Saved entries:
══════════

(* Let $X$ be a subset of $[0,1]$ with finitely many isolated points. Then $\overline{\dim}_{GB}(X)=\overline{\dim}_B(X)+1$.
   Context: For $\delta>0$ and $F\subset\mathbb{R}^d$, $N_\delta(F)$ is the number of cubes of the standard $\delta$-grid in $\mathbb{R}^d$ that intersect $F$, and $\overline{\dim}_B(F)=\limsup_{\delta\to0}\frac{\log N_\delta(F)}{-\log\delta}$ is the upper box dimension. $C_u(X)$ is the set of uniformly continuous real functions on $X$, $\mathrm{graph}(f)=\{(x,f(x)):x\in X\}$, and the upper graph box dimension is $\overline{\dim}_{GB}(X)=\sup_{f\in C_u(X)}\overline{\dim}_B(\mathrm{graph}(f))$. *)

theory Defs
  imports "HOL-Analysis.Analysis"
begin

text \<open>A grid cube is indexed by an integer vector k (on the coordinate basis) and equals
  the product over basis vectors b of [k b * delta, (k b + 1) * delta].\<close>
definition grid_count :: "real \<Rightarrow> 'a::euclidean_space set \<Rightarrow> nat" where
  "grid_count \<delta> F = card {k \<in> Basis \<rightarrow>\<^sub>E (UNIV :: int set).
      \<exists>x\<in>F. \<forall>b\<in>Basis. of_int (k b) * \<delta> \<le> x \<bullet> b \<and> x \<bullet> b \<le> (of_int (k b) + 1) * \<delta>}"

definition upper_box_dim :: "'a::euclidean_space set \<Rightarrow> ereal" where
  "upper_box_dim F = Limsup (at_right 0) (\<lambda>\<delta>. ereal (ln (real (grid_count \<delta> F)) / - ln \<delta>))"

definition upper_graph_box_dim :: "real set \<Rightarrow> ereal" where
  "upper_graph_box_dim X =
     (SUP f \<in> {f :: real \<Rightarrow> real. uniformly_continuous_on X f}.
        upper_box_dim ((\<lambda>x. (x, f x)) ` X))"

end

theory Submission
  imports Defs
begin

text \<open>
  Upper bound: over each of the \<open>N\<^sub>\<delta>(X)\<close> grid intervals meeting \<open>X\<close>, the graph of a bounded
  function meets \<open>O(1/\<delta>)\<close> grid squares, so no graph exceeds \<open>dim\<^sub>B X + 1\<close>.

  Lower bound: fix \<open>a < dim\<^sub>B X\<close> and a scale \<open>\<delta>\<close> with \<open>N\<^sub>\<delta>(X) \<ge> \<delta> powr (-a)\<close>. The finitely
  many isolated points occupy at most two intervals each, so a fixed fraction of the intervals
  contain limit points of \<open>X\<close>;
  keep every third one and pick, near each retained limit point, about \<open>A/\<delta>\<close> points of \<open>X\<close>.
  A continuous bump of height \<open>A\<close> that lifts these points by \<open>0, 3\<delta>, 6\<delta>, \<dots>\<close> forces every
  function lying within \<open>\<delta>/2\<close> above (continuous base) + (bump) to meet about
  \<open>N\<^sub>\<delta>(X) \<cdot> A/\<delta>\<close> squares. Adding such bumps at rapidly shrinking scales and amplitudes, each
  later bump small enough to stay inside the earlier bands, the partial sums converge uniformly
  to a continuous function whose graph has many squares at infinitely many scales.
\<close>

section \<open>Grid counts on the line and in the plane\<close>

definition grid_cell :: "real \<Rightarrow> int \<Rightarrow> real set" where
  "grid_cell d i = {of_int i * d .. (of_int i + 1) * d}"

definition cells :: "real \<Rightarrow> real set \<Rightarrow> int set" where
  "cells d X = {i. \<exists>x\<in>X. x \<in> grid_cell d i}"

definition boxes :: "real \<Rightarrow> (real \<times> real) set \<Rightarrow> (int \<times> int) set" where
  "boxes d F = {(i, j). \<exists>(x, y)\<in>F. x \<in> grid_cell d i \<and> y \<in> grid_cell d j}"

lemma grid_count_real: "grid_count d (X :: real set) = card (cells d X)"
proof -
  let ?S = "{k \<in> Basis \<rightarrow>\<^sub>E (UNIV :: int set).
      \<exists>x\<in>X. \<forall>b\<in>Basis. of_int (k b) * d \<le> x \<bullet> b \<and> x \<bullet> b \<le> (of_int (k b) + 1) * d}"
  have inj: "inj_on (\<lambda>k. k 1) ?S"
    by (auto simp: inj_on_def PiE_iff extensional_def Basis_real_def intro!: ext) metis
  have img: "(\<lambda>k. k 1) ` ?S = cells d X"
  proof safe
    fix i assume "i \<in> cells d X"
    then obtain x where "x \<in> X" "x \<in> grid_cell d i"
      by (auto simp: cells_def)
    then show "i \<in> (\<lambda>k. k 1) ` ?S"
      by (intro image_eqI[where x="\<lambda>b. if b = 1 then i else undefined"])
         (auto simp: Basis_real_def PiE_iff extensional_def grid_cell_def)
  qed (auto simp: Basis_real_def cells_def grid_cell_def)
  show ?thesis
    unfolding grid_count_def using card_image[OF inj] img by simp
qed

lemma grid_count_prod: "grid_count d (F :: (real \<times> real) set) = card (boxes d F)"
proof -
  let ?S = "{k \<in> Basis \<rightarrow>\<^sub>E (UNIV :: int set).
      \<exists>x\<in>F. \<forall>b\<in>Basis. of_int (k b) * d \<le> x \<bullet> b \<and> x \<bullet> b \<le> (of_int (k b) + 1) * d}"
  have B: "(Basis :: (real \<times> real) set) = {(1, 0), (0, 1)}"
    by (auto simp: Basis_prod_def)
  have inj: "inj_on (\<lambda>k. (k (1, 0), k (0, 1))) ?S"
  proof (intro inj_onI ext)
    fix k k' and b :: "real \<times> real"
    assume k: "k \<in> ?S" "k' \<in> ?S" and eq: "(k (1, 0), k (0, 1)) = (k' (1, 0), k' (0, 1))"
    show "k b = k' b"
    proof (cases "b \<in> Basis")
      case True
      then show ?thesis
        using eq unfolding B by auto
    next
      case False
      then show ?thesis
        using k by (metis (no_types, lifting) PiE_arb mem_Collect_eq)
    qed
  qed
  have img: "(\<lambda>k. (k (1, 0), k (0, 1))) ` ?S = boxes d F"
  proof (intro equalityI subsetI)
    fix ij assume "ij \<in> (\<lambda>k. (k (1, 0), k (0, 1))) ` ?S"
    then obtain k p where "p \<in> F" "\<forall>b\<in>Basis. of_int (k b) * d \<le> p \<bullet> b \<and> p \<bullet> b \<le> (of_int (k b) + 1) * d"
      and ij: "ij = (k (1, 0), k (0, 1))"
      by blast
    moreover obtain x y where "p = (x, y)"
      by fastforce
    ultimately have "fst p \<in> grid_cell d (k (1, 0))" "snd p \<in> grid_cell d (k (0, 1))"
      by (auto simp: B grid_cell_def inner_Pair)
    then show "ij \<in> boxes d F"
      unfolding ij boxes_def using \<open>p \<in> F\<close> by (auto intro!: bexI[of _ p])
  next
    fix ij assume "ij \<in> boxes d F"
    then obtain i j x y where ij: "ij = (i, j)" and "(x, y) \<in> F" "x \<in> grid_cell d i" "y \<in> grid_cell d j"
      by (auto simp: boxes_def)
    then show "ij \<in> (\<lambda>k. (k (1, 0), k (0, 1))) ` ?S"
      by (intro image_eqI[where x="\<lambda>b. if b = (1, 0) then i else if b = (0, 1) then j else undefined"])
         (auto simp: B PiE_iff extensional_def inner_Pair grid_cell_def intro!: bexI[of _ "(x, y)"])
  qed
  show ?thesis
    unfolding grid_count_def using card_image[OF inj] img by simp
qed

══════════

Nothing but an exact copy of the lines from the first one above through the line holding "the product over" should be returned.

(* Let $X$ be a subset of $[0,1]$ with finitely many isolated points. Then $\overline{\dim}_{GB}(X)=\overline{\dim}_B(X)+1$.
   Context: For $\delta>0$ and $F\subset\mathbb{R}^d$, $N_\delta(F)$ is the number of cubes of the standard $\delta$-grid in $\mathbb{R}^d$ that intersect $F$, and $\overline{\dim}_B(F)=\limsup_{\delta\to0}\frac{\log N_\delta(F)}{-\log\delta}$ is the upper box dimension. $C_u(X)$ is the set of uniformly continuous real functions on $X$, $\mathrm{graph}(f)=\{(x,f(x)):x\in X\}$, and the upper graph box dimension is $\overline{\dim}_{GB}(X)=\sup_{f\in C_u(X)}\overline{\dim}_B(\mathrm{graph}(f))$. *)

theory Defs
  imports "HOL-Analysis.Analysis"
begin

text \<open>A grid cube is indexed by an integer vector k (on the coordinate basis) and equals
  the product over basis vectors b of [k b * delta, (k b + 1) * delta].\<close>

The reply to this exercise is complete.